In order to report application crashed issues, use the steps below:

    1. Collect the latest support-bundle with core dump and audit logs from the nodes where application crashed alarm is observed, please refer to Collect Support Bundles for details on how to collect the support bundle with core and audit logs.
    2. Individual core dump files can be copied to a remote location from NSX appliance nodes with the command: copy core-dump 
      Note that the fullpath should be given for the core file, depending on the output of the command: get core-dumps
      Replace the path and filename with your values.
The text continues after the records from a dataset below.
lemma is_clique_blowup_UN_block:
  assumes "0 < k" "is_clique {..<n} E B"
  shows "is_clique {..<n * k} (blowup n k E) (\<Union>b\<in>B. block k b)"
proof -
  have "u div k \<in> B" "u < n * k" if "u \<in> (\<Union>b\<in>B. block k b)" for u
    using that assms(2) by (auto simp: mem_block_iff[OF assms(1)] is_clique_def
        div_less_iff_less_mult[OF assms(1), symmetric])
  then show ?thesis
    using assms(2) unfolding is_clique_def blowup_def by blast
qed

lemma is_clique_image_div:
  assumes "0 < k" "is_clique {..<n * k} (blowup n k E) K"
  shows "is_clique {..<n} E ((\<lambda>u. u div k) ` K)"
  using assms unfolding is_clique_def blowup_def
  by (fastforce simp: div_less_iff_less_mult)

lemma clique_number_blowup:
  assumes "0 < k" and "clique_number {..<n} E = m"
  shows "clique_number {..<n * k} (blowup n k E) = k * m"
proof -
  obtain B where B: "is_clique {..<n} E B" "card B = m"
    using clique_number_attained[of "{..<n}" E] assms(2) by auto
  have "finite B"
    using B(1) by (auto simp: is_clique_def intro: finite_subset)
  show ?thesis
  proof (rule clique_number_eqI)
    fix K assume K: "is_clique {..<n * k} (blowup n k E) K"
    then have "finite K"
      by (auto simp: is_clique_def intro: finite_subset)
    then have "card K \<le> k * card ((\<lambda>u. u div k) ` K)"
      by (rule card_le_mult_card_image_div[OF assms(1)])
    also have "\<dots> \<le> k * m"
      using clique_le_clique_number[OF _ is_clique_image_div[OF assms(1) K]] assms(2) by simp
    finally show "card K \<le> k * m" .
  next
    show "is_clique {..<n * k} (blowup n k E) (\<Union>b\<in>B. block k b)"
      using assms(1) B(1) by (rule is_clique_blowup_UN_block)
    show "card (\<Union>b\<in>B. block k b) = k * m"
      using assms(1) \<open>finite B\<close> B(2) by (simp add: card_UN_block)
  qed simp
qed

definition block_class :: "nat \<Rightarrow> nat \<Rightarrow> (nat \<Rightarrow> nat) \<Rightarrow> nat \<Rightarrow> nat" where
  "block_class p k x b = (sum x (block k b) mod (p * k)) div k"

definition class_profile :: "nat \<Rightarrow> nat \<Rightarrow> nat \<Rightarrow> (nat \<Rightarrow> nat) \<Rightarrow> nat \<Rightarrow> nat" where
  "class_profile n p k x = (\<lambda>b\<in>{..<n}. block_class p k x b)"

text \<open>Vertex v of block b bets that the sum of its block is congruent to
  k * (the base guess of b) + v mod k modulo pk, and guesses its own value accordingly.\<close>
definition blowup_strategy ::
    "nat \<Rightarrow> nat \<Rightarrow> nat \<Rightarrow> (nat \<Rightarrow> (nat \<Rightarrow> nat) \<Rightarrow> nat) \<Rightarrow> nat \<Rightarrow> (nat \<Rightarrow> nat) \<Rightarrow> nat" where
  "blowup_strategy n p k f v x =
     (k * f (v div k) (class_profile n p k x) + v mod k + p * k
        - sum x (block k (v div k) - {v}) mod (p * k)) mod (p * k)"

lemma class_profile_in_funcset:
  assumes "0 < p" "0 < k"
  shows "class_profile n p k x \<in> {..<n} \<rightarrow>\<^sub>E {..<p}"
  using assms by (simp add: class_profile_def block_class_def less_mult_imp_div_less)

lemma mod_add_diff_mod_cancel:
  fixes b y m :: nat
  assumes "y < m"
  shows "((b + y) mod m + m - b mod m) mod m = y"
proof -
  have r: "b mod m < m" using assms by simp
  have "(b + y) mod m = (b mod m + y) mod m" by (simp add: mod_add_left_eq)
  then show ?thesis
    using assms r by (cases "b mod m + y < m") (auto simp: le_mod_geq)
qed

lemma blowup_strategy_wins:
  assumes "0 < k" "b < n" "x \<in> {..<n * k} \<rightarrow>\<^sub>E {..<p * k}"
    and "f b (class_profile n p k x) = block_class p k x b"
  shows "\<exists>v\<in>block k b. blowup_strategy n p k f v x = x v"
proof -
  define s where "s = sum x (block k b) mod (p * k)"
  define v where "v = b * k + s mod k"
  have v: "v \<in> block k b" "v div k = b" "v mod k = s mod k"
    using assms(1) by (simp_all add: v_def block_def)
  have "v < n * k"
    using v(2) assms(2) by (simp add: div_less_iff_less_mult[OF assms(1), symmetric])
  then have xv: "x v < p * k"
    using assms(3) by auto
  have "k * f b (class_profile n p k x) + v mod k = s"
    using assms(4) v(3) by (simp add: block_class_def s_def)
  moreover have "sum x (block k b) = sum x (block k b - {v}) + x v"
    using v(1) by (simp add: sum.remove add.commute)
  ultimately have "blowup_strategy n p k f v x = x v"
    using mod_add_diff_mod_cancel[OF xv] v(2)
    by (simp add: blowup_strategy_def s_def)
  with v(1) show ?thesis ..
qed

lemma blowup_strategy_local:
  assumes "digraph {..<n} E" "D_function {..<n} E p f" "0 < p" "0 < k" "v < n * k"
    and agree: "\<forall>u\<in>in_nbrs (blowup n k E) v. x u = y u"
  shows "blowup_strategy n p k f v x = blowup_strategy n p k f v y"
proof -
  have vn: "v div k < n"
    using assms(4,5) by (simp add: div_less_iff_less_mult)
  have agree_block: "x u = y u"
    if "u \<in> block k b" "b < n" "b = v div k \<or> E b (v div k)" "u \<noteq> v" for u b
  proof -
    have "u div k = b" using that(1) assms(4) by (simp add: mem_block_iff)
    then have "blowup n k E u v"
      using that(2-4) assms(5) by (auto simp: blowup_def div_less_iff_less_mult[OF assms(4), symmetric])
    then show ?thesis using agree by (simp add: in_nbrs_def)
  qed
  have own: "sum x (block k (v div k) - {v}) = sum y (block k (v div k) - {v})"
    using vn by (intro sum.cong refl agree_block) auto
  have nbrs: "\<forall>b\<in>in_nbrs E (v div k). class_profile n p k x b = class_profile n p k y b"
  proof
    fix b assume "b \<in> in_nbrs E (v div k)"
    then have "E b (v div k)" "b < n" "b \<noteq> v div k"
      using assms(1) by (auto simp: in_nbrs_def digraph_def)
    moreover from this have "sum x (block k b) = sum y (block k b)"
      by (intro sum.cong refl agree_block) (auto simp: mem_block_iff[OF assms(4)])
    ultimately show "class_profile n p k x b = class_profile n p k y b"
      by (simp add: class_profile_def block_class_def)
  qed
  have "f (v div k) (class_profile n p k x) = f (v div k) (class_profile n p k y)"
    using assms(2) vn nbrs class_profile_in_funcset[OF assms(3,4)]
    unfolding D_function_def by blast
  then show ?thesis
    using own by (simp add: blowup_strategy_def)
qed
      nsxcli>  get core-dumps
      Directory: /var/log/core
      20762624     May 18 2023 11:44:13 UTC  core.nginx.1559278043.gz
      nsxcli> copy core-dump /var/log/core/core.nginx.1559278043.gz url scp://[email protected]/tmp/
      [email protected]'s password:

    3. If you face this issue, kindly collect a support-bundle, contact Broadcom Support.
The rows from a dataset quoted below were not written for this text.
(* Fix a prior $\mu$ in the relative interior of $\Delta$ and suppose the updating rule respects the Blackwell order for $\mu$ and $\varphi=\varphi^{\mu}$ is continuous on $\Delta$. (a) If there are at least three states ($n\ge3$), then either there is $x^*\in\Delta$ with $\varphi(x)=x^*$ for all $x\in\Delta$, or $\varphi(x)=x$ for all $x\in\Delta$. (b) If there are two states ($n=2$), then the updating rule is occasionally coarse for $\mu$ with $\varphi(0)=a$ and $\varphi(1)=b$, i.e. there exist $0\le a\le b\le 1$ with $\varphi(x)=a$ for $x\in[0,a)$, $\varphi(x)=x$ for $x\in[a,b]$, and $\varphi(x)=b$ for $x\in(b,1]$.
   Context: Let $\Theta$ be a finite set of states, $|\Theta|=n\ge2$, and $\Delta=\Delta(\Theta)$ the simplex of beliefs, viewed as a subset of $\mathbb{R}^{n-1}$ with the Euclidean metric; for $n=2$, $\Theta=\{0,1\}$ and a belief is identified with the probability of state $1$, so $\Delta=[0,1]$. An experiment $\pi:\Theta\to\Delta(S)$ ($S$ finite) with prior $\mu$ induces the Bayesian distribution over posteriors $\rho_B$, a finitely supported distribution on $\Delta$ with mean $\mu$ (every such distribution arises from some experiment). Blackwell order: $\pi\succeq\pi'$ iff $\rho_B'$ is a mean-preserving contraction of $\rho_B$. An updating rule is given, for each prior $\mu$, by a distortion function $\varphi^{\mu}:\Delta\to\Delta$: when the Bayesian posterior is $x$, the decision maker holds belief $\varphi^{\mu}(x)$. For a compact action set $A$, continuous $u:A\times\Theta\to\mathbb{R}$, and consistent choice $a^*:\Delta\to A$ (i.e. $a^*(y)\in\arg\max_{a}\mathbb{E}_y u(a,\theta)$ for all $y$), let $W(x)=\mathbb{E}_x u(a^*(\varphi^{\mu}(x)),\theta)$. The rule respects the Blackwell order for $\mu$ if for all such $A,u,a^*$ and all $\pi\succeq\pi'$, $\mathbb{E}_{\rho_B}W\ge\mathbb{E}_{\rho_B'}W$. For $n=2$, occasionally coarse means: there exist $0\le a\le b\le1$ with $\varphi(x)=a$ for $x\in(0,a)$, $\varphi(x)=b$ for $x\in(b,1)$, $\varphi(x)=x$ for $x\in[a,b]$, $\varphi(0)\le a$, $\varphi(1)\ge b$. *)

theory Defs
  imports "HOL-Probability.Probability"
begin

definition beliefs :: "(real^'n::finite) set" where
  "beliefs = {p. (\<forall>i. 0 \<le> p $ i) \<and> (\<Sum>i\<in>UNIV. p $ i) = 1}"

text \<open>An experiment: for each state a signal distribution with finite support
  (signals are drawn from nat; any finite signal set embeds into nat).\<close>

definition is_experiment :: "('n::finite \<Rightarrow> nat pmf) \<Rightarrow> bool" where
  "is_experiment \<pi> \<longleftrightarrow> (\<forall>\<theta>. finite (set_pmf (\<pi> \<theta>)))"

definition prior_pmf :: "real^'n::finite \<Rightarrow> 'n pmf" where
  "prior_pmf \<mu> = embed_pmf (\<lambda>\<theta>. \<mu> $ \<theta>)"

definition signal_pmf :: "real^'n::finite \<Rightarrow> ('n \<Rightarrow> nat pmf) \<Rightarrow> nat pmf" where
  "signal_pmf \<mu> \<pi> = bind_pmf (prior_pmf \<mu>) \<pi>"

definition posterior :: "real^'n::finite \<Rightarrow> ('n \<Rightarrow> nat pmf) \<Rightarrow> nat \<Rightarrow> real^'n" where
  "posterior \<mu> \<pi> s = (\<chi> \<theta>. \<mu> $ \<theta> * pmf (\<pi> \<theta>) s / pmf (signal_pmf \<mu> \<pi>) s)"

definition bayes_dist :: "real^'n::finite \<Rightarrow> ('n \<Rightarrow> nat pmf) \<Rightarrow> (real^'n) pmf" where
  "bayes_dist \<mu> \<pi> = map_pmf (posterior \<mu> \<pi>) (signal_pmf \<mu> \<pi>)"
    4. After collecting the support-bundle, the application crashed alarm can be resolved by removing the core dump files from the respective nodes.
      1. On NSX appliance nodes, core and heap dump files can be removed with the command: del core-dump
        Note that the fullpath should be given for the core file, depending on the output of the command: get core-dumps
        Replace the path and filename with your values.

nsxcli>  get core-dumps
Directory: /var/log/core
20762624     May 18 2023 11:44:13 UTC  core.nginx.1559278043.gz
nsxcli> del core-dump /var/log/core/core.nginx.1559278043.gz

or

nsxcli> del core-dump all

In NSX version 4.1.1 or above, the core dump files can also be removed as part of the collection of a support bundle, with the command: get support-bundle

nsxcli> get support-bundle file support-bundle.tgz all remove-core-files

      1. On ESXi host transport nodes, following commands can be used respective of NSX version to remove core dump files:
        1. For NSX version 4.1 or below:

          command below to be executed in shell console of ESXi host

          root> rm -rf /var/core

        2. For NSX version 4.1.1 or above:

          command below to be executed in NSX CLI of ESXi host

          nsxcli> del core-dump all

          or

          nsxcli> del core-dump <core-dump-file>

Maintenance window required for remediation? No

Additional Information

The following articles detail known core dump issues:

API Guide
Admin Guide 
CLI Guide

Note: Article 322533 (legacy id 92493), "NSX-T UI alarms are generated: Application on NSX node <node> has crashed" was archived in favor of this article.